Stored items

++++

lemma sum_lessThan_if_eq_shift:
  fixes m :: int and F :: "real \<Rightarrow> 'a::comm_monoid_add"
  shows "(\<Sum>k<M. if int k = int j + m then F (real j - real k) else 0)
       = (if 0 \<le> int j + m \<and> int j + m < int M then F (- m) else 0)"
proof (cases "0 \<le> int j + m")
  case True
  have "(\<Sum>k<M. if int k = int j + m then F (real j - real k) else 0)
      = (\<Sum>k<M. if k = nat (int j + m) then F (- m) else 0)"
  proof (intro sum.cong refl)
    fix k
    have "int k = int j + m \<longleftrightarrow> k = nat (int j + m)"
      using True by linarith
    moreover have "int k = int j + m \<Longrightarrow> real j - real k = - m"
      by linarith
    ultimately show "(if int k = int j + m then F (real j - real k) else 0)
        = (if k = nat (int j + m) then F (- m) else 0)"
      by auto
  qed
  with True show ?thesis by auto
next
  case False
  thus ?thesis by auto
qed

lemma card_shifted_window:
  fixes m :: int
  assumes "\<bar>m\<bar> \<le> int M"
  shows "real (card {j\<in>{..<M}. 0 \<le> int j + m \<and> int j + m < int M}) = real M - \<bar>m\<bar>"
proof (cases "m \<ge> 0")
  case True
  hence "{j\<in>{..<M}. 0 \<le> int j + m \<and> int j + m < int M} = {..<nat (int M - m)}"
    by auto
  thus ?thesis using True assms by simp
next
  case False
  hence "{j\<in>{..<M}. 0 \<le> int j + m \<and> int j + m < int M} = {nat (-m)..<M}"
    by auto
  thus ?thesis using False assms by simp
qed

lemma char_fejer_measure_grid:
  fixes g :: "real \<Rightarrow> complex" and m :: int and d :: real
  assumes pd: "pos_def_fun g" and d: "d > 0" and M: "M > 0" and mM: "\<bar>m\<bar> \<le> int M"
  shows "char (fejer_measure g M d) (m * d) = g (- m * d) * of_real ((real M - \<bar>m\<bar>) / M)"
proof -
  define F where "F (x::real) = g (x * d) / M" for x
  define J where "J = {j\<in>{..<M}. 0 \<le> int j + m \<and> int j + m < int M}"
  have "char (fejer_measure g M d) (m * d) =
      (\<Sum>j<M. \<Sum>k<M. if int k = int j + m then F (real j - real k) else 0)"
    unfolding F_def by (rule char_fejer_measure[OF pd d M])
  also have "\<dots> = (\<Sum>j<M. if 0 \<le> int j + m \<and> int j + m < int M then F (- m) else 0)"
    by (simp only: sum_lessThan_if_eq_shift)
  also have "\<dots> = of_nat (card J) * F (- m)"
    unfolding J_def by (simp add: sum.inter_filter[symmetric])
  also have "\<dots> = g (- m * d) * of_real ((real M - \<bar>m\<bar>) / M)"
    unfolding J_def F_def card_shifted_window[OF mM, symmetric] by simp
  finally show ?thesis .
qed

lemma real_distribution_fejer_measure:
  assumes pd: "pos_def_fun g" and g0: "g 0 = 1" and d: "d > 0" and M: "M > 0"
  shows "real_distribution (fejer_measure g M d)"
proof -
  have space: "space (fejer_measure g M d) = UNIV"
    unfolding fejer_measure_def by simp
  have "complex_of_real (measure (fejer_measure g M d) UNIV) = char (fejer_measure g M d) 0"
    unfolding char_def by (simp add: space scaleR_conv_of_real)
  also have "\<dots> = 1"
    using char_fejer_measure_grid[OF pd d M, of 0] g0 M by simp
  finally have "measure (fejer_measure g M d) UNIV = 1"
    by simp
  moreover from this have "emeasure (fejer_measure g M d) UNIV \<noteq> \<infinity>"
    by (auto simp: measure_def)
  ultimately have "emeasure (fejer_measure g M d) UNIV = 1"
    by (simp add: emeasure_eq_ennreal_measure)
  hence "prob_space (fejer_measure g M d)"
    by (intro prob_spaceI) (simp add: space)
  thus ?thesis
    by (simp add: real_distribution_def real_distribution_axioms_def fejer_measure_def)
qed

++++

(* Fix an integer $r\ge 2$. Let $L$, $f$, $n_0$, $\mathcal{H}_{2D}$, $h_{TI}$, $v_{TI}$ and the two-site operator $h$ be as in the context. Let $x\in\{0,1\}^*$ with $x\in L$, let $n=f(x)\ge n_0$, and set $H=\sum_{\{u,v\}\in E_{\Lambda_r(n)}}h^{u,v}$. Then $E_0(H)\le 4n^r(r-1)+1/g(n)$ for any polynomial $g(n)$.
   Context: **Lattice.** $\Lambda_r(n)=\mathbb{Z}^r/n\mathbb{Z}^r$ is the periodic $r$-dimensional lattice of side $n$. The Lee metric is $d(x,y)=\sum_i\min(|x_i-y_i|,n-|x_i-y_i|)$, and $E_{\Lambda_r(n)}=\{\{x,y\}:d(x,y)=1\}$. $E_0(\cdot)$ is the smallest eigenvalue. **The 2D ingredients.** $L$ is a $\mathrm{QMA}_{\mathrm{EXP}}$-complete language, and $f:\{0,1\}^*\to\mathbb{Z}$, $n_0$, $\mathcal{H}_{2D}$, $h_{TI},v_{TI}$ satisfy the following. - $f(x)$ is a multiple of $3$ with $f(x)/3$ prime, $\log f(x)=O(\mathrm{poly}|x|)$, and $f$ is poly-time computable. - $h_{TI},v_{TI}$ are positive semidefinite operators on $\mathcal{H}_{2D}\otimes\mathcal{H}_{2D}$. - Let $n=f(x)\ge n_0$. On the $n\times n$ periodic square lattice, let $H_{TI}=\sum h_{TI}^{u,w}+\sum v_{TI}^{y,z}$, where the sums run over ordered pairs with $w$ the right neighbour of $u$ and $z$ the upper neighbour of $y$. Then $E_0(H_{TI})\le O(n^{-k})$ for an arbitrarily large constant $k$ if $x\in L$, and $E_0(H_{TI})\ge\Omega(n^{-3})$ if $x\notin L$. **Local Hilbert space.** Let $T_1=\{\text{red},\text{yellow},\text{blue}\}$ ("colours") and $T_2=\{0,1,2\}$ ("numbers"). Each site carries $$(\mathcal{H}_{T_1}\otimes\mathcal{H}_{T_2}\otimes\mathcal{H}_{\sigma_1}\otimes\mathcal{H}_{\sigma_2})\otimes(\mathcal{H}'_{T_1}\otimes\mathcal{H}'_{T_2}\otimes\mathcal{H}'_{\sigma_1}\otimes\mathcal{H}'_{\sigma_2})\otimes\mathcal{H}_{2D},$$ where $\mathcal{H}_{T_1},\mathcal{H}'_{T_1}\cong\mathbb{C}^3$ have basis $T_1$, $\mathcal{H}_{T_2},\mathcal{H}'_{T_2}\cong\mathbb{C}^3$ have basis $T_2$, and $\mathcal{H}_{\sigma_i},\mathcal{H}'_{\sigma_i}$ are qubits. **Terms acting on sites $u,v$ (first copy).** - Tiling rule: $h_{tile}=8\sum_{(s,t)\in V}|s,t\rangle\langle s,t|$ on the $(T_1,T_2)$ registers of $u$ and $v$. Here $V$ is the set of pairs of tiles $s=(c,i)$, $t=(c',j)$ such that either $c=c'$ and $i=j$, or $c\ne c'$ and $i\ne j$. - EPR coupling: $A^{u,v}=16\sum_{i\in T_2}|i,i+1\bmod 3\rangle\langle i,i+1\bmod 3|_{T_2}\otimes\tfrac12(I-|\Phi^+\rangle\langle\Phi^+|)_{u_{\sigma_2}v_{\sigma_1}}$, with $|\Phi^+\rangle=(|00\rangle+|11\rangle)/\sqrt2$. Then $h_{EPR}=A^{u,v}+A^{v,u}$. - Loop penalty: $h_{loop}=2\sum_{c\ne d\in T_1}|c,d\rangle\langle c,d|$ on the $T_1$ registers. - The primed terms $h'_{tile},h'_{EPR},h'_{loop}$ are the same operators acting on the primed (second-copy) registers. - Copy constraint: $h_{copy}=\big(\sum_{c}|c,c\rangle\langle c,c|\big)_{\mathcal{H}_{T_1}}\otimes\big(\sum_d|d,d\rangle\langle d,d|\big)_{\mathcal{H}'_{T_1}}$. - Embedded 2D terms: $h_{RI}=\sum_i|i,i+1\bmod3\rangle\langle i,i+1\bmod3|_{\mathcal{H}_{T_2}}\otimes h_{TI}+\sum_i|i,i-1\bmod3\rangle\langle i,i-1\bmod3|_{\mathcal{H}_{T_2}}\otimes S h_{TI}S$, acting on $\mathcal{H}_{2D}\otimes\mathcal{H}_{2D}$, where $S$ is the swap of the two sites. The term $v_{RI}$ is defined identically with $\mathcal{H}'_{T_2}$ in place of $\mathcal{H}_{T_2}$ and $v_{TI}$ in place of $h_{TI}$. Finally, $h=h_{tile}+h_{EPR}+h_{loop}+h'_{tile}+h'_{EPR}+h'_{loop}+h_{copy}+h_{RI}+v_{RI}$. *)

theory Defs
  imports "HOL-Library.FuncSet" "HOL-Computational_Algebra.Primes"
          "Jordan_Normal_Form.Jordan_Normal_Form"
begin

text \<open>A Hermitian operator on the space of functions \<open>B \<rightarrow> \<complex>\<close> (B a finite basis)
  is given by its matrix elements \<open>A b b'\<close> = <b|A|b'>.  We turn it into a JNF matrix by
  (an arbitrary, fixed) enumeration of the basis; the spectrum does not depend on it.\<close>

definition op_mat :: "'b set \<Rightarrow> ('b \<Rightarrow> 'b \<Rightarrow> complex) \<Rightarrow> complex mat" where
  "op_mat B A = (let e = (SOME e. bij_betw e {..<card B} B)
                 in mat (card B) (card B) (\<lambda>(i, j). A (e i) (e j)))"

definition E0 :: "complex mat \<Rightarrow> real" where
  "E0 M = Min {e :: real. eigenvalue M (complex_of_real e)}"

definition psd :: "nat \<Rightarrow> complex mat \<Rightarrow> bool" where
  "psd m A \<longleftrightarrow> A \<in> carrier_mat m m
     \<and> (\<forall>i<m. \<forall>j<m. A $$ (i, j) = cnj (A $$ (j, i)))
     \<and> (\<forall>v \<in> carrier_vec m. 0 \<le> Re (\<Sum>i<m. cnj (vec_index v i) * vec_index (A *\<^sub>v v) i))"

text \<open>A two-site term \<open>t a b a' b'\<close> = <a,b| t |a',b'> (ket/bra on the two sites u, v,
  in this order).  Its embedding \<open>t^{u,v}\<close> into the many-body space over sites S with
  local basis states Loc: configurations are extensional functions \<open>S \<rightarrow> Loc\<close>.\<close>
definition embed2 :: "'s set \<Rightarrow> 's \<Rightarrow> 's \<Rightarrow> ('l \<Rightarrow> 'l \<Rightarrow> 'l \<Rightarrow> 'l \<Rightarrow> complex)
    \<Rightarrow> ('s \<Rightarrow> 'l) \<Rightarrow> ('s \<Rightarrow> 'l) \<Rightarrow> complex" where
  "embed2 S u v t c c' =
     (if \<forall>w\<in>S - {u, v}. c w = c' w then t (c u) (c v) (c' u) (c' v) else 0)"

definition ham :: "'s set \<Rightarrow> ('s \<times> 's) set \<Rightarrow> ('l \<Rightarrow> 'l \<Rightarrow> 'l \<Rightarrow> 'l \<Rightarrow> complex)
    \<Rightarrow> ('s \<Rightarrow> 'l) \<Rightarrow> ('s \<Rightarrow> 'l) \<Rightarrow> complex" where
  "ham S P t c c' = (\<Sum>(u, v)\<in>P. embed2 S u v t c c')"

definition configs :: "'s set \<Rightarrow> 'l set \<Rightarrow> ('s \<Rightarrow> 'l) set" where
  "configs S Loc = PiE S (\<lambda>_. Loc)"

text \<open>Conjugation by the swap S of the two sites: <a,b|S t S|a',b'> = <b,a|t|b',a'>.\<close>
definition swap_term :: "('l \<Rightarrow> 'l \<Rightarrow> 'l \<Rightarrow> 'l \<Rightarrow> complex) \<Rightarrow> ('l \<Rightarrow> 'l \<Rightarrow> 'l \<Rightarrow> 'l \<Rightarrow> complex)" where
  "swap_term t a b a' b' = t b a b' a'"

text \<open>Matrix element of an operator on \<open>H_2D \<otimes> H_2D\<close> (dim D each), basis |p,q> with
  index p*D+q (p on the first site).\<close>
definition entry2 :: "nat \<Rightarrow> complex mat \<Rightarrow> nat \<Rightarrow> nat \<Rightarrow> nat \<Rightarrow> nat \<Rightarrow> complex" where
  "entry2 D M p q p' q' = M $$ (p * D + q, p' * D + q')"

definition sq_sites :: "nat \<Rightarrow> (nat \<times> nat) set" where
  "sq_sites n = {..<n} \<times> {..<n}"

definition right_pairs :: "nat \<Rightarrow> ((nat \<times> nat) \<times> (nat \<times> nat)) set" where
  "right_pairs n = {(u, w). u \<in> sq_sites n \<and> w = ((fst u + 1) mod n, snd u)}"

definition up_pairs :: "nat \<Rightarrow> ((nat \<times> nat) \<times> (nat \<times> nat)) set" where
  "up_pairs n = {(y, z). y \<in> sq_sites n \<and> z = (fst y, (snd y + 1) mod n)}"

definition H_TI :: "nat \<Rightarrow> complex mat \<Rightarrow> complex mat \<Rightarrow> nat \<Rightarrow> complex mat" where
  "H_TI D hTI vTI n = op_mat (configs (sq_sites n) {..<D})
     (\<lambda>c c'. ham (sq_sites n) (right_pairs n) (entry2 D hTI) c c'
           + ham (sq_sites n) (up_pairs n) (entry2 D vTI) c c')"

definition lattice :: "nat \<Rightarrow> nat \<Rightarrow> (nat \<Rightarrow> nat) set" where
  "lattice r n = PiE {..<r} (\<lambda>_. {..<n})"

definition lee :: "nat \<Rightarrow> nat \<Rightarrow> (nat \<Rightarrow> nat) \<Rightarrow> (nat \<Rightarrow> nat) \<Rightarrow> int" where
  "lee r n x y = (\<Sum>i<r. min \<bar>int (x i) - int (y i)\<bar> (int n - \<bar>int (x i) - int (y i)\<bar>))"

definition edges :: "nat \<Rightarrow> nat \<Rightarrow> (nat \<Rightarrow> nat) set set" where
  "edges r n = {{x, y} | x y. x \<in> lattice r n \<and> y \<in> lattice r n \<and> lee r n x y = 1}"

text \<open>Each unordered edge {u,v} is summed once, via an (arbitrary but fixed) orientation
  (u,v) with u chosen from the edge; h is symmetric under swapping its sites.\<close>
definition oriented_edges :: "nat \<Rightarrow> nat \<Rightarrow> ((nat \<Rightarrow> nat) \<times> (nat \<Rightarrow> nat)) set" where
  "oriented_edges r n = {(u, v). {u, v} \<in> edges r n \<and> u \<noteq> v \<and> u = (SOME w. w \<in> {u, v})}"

++++

**What to work on:**
Your task is to find each line in the entries that contains the string "forall" and copy it.

**Final answer:**
     \<and> (\<forall>i<m. \<forall>j<m. A $$ (i, j) = cnj (A $$ (j, i)))
     \<and> (\<forall>v \<in> carrier_vec m. 0 \<le> Re (\<Sum>i<m. cnj (vec_index v i) * vec_index (A *\<^sub>v v) i))"
     (if \<forall>w\<in>S - {u, v}. c w = c' w then t (c u) (c v) (c' u) (c' v) else 0)"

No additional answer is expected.